--- Supplied information Enclosed Below ---
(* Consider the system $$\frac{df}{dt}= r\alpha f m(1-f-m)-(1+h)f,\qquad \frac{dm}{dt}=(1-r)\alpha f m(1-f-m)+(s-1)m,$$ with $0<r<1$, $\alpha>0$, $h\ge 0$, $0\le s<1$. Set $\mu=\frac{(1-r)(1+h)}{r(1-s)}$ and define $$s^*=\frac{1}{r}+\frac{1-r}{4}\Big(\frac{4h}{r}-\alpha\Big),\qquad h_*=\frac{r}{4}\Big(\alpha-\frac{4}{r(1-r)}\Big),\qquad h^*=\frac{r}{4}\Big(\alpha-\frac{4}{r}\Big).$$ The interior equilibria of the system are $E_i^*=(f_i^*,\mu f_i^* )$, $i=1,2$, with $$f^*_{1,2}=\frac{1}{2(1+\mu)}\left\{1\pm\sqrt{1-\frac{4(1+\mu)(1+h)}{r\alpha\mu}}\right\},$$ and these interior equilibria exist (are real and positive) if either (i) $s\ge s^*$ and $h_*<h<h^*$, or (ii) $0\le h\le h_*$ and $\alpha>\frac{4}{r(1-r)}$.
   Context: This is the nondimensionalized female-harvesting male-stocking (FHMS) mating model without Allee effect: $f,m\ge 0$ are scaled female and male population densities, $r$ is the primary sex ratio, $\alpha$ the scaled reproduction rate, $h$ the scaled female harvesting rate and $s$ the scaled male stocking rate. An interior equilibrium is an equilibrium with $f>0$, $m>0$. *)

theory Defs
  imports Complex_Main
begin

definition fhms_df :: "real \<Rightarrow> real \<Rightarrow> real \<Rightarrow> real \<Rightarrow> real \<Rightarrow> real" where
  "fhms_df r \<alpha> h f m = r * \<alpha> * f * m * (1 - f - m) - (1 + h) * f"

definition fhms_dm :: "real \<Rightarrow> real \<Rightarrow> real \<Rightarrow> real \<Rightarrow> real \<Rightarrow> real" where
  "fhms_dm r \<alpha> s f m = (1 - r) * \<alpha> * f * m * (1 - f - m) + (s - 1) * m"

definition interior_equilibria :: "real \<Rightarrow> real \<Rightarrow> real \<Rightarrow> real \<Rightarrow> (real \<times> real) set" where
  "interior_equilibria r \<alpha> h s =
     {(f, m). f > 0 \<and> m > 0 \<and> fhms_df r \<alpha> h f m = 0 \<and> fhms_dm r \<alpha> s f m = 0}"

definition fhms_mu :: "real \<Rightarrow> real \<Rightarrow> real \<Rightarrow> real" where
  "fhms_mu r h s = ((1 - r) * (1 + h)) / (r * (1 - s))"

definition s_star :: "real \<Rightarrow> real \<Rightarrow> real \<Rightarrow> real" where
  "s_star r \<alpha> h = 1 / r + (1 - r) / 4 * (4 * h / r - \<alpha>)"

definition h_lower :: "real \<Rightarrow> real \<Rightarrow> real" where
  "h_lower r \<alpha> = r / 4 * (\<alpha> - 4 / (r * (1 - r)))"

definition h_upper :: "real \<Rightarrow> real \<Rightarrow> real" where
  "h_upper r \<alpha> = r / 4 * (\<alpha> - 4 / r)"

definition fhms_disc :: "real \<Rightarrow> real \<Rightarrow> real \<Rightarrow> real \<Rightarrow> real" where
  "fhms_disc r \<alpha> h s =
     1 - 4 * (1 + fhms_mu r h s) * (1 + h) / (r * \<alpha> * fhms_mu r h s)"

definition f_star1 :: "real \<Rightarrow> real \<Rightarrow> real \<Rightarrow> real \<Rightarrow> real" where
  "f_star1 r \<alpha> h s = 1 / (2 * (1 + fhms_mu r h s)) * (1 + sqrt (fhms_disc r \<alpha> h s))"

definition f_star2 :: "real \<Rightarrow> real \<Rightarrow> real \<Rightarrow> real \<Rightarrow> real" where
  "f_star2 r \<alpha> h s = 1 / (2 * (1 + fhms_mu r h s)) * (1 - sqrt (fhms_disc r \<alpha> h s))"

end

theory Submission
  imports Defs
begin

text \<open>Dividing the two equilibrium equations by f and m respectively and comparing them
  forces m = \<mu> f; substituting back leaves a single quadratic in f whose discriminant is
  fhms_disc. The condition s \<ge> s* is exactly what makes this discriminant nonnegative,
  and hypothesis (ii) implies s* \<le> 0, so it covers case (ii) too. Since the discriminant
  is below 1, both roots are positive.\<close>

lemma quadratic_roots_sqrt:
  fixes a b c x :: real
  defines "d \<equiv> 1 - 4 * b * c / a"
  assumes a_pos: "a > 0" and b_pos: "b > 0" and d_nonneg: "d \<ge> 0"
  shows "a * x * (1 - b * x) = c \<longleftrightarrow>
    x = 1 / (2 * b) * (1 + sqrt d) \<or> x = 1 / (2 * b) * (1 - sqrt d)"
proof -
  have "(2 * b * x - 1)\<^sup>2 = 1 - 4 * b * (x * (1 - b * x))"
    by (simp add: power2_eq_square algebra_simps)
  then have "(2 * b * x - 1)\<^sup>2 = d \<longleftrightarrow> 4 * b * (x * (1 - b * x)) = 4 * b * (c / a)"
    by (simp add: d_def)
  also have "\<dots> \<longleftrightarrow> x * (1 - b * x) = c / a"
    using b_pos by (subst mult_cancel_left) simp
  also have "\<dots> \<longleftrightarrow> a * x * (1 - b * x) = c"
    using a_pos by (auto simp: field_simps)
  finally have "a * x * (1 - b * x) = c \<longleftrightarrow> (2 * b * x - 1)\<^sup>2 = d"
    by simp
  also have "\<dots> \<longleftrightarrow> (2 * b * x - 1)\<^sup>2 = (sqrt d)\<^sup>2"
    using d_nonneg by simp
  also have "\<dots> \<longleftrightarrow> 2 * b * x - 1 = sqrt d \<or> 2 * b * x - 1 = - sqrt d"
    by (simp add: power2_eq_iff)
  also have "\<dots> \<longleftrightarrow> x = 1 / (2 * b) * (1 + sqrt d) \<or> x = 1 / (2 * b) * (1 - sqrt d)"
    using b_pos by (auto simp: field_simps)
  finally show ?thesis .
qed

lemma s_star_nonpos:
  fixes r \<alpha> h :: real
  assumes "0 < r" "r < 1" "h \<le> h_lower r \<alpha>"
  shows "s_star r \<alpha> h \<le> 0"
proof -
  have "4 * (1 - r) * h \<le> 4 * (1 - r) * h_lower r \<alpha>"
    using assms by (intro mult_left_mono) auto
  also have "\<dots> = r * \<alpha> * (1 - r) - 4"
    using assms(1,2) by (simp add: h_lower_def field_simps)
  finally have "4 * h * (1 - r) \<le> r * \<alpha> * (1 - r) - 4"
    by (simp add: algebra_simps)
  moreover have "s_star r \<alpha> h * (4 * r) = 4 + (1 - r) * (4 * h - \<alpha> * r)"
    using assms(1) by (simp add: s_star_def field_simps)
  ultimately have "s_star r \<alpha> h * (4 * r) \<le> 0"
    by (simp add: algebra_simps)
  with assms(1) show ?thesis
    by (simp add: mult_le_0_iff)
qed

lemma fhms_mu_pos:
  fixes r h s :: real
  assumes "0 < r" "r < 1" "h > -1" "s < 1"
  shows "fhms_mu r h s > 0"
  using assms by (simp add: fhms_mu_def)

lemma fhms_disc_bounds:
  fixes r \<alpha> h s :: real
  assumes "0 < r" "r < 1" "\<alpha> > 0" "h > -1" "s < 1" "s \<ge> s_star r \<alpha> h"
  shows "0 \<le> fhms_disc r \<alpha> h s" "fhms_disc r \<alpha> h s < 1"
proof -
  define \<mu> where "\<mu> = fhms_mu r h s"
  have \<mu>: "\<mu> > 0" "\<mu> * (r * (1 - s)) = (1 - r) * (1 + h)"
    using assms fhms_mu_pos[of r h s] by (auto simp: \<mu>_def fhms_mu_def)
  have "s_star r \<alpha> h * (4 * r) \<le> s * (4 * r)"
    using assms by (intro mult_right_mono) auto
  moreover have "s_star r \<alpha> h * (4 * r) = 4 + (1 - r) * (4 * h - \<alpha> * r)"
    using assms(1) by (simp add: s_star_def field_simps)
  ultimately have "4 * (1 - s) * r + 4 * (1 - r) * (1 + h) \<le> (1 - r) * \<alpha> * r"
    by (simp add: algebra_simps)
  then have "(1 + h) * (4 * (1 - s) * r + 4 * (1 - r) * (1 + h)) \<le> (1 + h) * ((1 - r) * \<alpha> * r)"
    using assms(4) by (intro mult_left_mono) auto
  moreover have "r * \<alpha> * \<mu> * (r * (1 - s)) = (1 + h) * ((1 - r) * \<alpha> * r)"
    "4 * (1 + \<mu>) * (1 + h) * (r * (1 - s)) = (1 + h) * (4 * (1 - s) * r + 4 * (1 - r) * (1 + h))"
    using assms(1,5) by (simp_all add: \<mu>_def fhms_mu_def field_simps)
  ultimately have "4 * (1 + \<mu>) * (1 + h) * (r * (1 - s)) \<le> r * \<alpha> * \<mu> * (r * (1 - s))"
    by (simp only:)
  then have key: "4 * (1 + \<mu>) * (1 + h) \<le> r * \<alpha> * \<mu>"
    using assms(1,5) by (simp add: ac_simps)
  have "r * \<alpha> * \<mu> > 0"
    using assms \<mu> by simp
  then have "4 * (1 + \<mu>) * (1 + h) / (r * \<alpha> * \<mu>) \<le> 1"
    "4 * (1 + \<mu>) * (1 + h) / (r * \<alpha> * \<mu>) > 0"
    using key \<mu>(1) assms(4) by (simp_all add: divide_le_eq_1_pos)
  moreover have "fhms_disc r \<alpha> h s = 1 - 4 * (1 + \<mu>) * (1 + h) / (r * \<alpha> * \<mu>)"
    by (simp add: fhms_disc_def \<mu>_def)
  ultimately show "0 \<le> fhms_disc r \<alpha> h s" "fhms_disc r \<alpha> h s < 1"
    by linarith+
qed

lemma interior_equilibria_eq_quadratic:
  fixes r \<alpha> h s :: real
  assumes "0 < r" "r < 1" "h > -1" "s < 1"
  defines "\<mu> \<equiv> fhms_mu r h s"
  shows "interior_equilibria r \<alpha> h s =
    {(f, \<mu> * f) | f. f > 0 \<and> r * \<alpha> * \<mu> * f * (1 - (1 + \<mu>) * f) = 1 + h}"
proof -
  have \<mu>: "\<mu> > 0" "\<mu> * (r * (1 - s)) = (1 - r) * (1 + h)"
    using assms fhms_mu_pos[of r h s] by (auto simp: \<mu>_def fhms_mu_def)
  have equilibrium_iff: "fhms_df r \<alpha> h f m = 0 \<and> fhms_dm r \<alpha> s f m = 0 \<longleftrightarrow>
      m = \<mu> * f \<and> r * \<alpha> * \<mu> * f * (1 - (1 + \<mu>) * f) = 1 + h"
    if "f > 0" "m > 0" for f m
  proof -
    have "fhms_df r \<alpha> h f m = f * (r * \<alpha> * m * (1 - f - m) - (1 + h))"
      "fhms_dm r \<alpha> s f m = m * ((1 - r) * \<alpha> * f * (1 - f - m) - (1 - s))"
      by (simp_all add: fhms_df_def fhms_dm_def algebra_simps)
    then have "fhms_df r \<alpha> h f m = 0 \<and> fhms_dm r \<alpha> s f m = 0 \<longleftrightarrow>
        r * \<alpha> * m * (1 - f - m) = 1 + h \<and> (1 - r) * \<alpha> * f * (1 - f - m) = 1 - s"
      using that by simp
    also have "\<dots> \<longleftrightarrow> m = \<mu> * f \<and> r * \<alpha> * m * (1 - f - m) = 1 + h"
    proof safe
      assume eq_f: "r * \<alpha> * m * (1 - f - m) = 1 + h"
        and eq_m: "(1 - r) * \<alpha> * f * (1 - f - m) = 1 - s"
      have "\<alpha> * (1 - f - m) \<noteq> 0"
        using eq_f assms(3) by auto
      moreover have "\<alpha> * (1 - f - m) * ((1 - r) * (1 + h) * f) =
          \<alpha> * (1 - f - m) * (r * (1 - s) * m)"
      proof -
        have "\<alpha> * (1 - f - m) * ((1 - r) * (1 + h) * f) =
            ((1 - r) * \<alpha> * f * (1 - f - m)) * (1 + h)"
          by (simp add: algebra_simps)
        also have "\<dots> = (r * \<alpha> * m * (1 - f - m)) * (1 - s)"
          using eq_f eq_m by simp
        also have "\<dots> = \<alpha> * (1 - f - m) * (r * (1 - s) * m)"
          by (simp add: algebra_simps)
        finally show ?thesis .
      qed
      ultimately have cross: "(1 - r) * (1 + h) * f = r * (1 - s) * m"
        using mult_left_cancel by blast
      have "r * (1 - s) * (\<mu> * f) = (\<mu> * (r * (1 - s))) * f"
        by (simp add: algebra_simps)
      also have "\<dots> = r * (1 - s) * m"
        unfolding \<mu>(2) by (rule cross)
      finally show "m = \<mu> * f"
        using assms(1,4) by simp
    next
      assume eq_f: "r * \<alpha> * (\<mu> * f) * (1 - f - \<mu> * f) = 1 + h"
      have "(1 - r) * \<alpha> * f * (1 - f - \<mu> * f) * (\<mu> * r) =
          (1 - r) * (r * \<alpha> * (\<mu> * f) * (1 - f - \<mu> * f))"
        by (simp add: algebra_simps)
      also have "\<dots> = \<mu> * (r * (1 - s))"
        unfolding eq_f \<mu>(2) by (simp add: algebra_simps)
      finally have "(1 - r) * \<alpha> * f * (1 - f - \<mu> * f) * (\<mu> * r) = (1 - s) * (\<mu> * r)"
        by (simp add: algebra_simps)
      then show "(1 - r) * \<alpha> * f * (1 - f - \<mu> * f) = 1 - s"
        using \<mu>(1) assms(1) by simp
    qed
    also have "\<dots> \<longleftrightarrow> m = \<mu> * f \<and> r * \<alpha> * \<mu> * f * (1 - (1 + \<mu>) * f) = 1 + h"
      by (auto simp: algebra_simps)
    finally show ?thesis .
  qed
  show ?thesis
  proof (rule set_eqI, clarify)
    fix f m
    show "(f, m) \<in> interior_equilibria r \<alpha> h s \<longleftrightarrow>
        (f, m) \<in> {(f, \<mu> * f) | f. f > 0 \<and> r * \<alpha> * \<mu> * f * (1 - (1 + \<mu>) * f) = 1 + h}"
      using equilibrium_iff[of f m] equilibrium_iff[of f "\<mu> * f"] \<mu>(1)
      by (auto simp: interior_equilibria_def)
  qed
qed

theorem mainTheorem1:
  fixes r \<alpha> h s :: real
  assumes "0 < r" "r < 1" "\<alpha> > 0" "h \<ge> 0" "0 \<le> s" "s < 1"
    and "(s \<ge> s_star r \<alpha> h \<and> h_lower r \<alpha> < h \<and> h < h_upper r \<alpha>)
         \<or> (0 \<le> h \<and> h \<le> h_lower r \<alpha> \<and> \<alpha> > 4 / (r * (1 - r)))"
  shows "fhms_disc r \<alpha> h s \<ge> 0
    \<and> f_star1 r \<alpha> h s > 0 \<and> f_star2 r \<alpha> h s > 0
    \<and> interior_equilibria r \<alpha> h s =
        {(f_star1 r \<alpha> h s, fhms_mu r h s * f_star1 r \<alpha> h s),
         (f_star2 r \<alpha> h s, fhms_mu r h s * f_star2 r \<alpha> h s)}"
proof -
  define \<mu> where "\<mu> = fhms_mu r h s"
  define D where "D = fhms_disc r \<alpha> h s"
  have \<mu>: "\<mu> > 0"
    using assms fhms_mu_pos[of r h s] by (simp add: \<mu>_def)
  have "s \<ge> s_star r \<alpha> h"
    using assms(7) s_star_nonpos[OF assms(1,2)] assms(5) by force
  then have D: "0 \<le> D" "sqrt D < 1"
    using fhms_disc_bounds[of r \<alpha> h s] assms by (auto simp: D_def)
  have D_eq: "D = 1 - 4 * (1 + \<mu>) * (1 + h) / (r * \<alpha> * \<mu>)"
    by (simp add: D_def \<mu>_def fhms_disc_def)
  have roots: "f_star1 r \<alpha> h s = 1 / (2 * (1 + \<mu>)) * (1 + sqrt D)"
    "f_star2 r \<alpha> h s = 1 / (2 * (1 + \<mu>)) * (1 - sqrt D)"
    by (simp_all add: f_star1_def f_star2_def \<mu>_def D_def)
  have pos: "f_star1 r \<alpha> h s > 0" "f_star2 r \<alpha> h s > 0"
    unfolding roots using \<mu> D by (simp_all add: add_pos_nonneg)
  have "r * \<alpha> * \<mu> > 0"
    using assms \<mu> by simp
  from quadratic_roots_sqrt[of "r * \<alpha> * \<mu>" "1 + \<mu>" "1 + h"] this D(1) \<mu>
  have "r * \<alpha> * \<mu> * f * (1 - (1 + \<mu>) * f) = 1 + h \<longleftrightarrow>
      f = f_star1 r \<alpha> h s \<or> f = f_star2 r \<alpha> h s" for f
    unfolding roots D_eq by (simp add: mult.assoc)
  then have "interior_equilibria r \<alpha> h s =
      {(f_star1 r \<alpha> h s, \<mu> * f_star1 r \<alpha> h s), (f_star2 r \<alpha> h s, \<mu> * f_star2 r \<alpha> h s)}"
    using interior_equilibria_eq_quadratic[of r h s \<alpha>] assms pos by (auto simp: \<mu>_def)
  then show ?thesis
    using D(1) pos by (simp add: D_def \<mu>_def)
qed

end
--- End of Enclosed Supplied information ---
▶ [Work instruction] Within the data above, how many lines include "unfolding"? The number alone is the answer.

▶ [Written reply] 4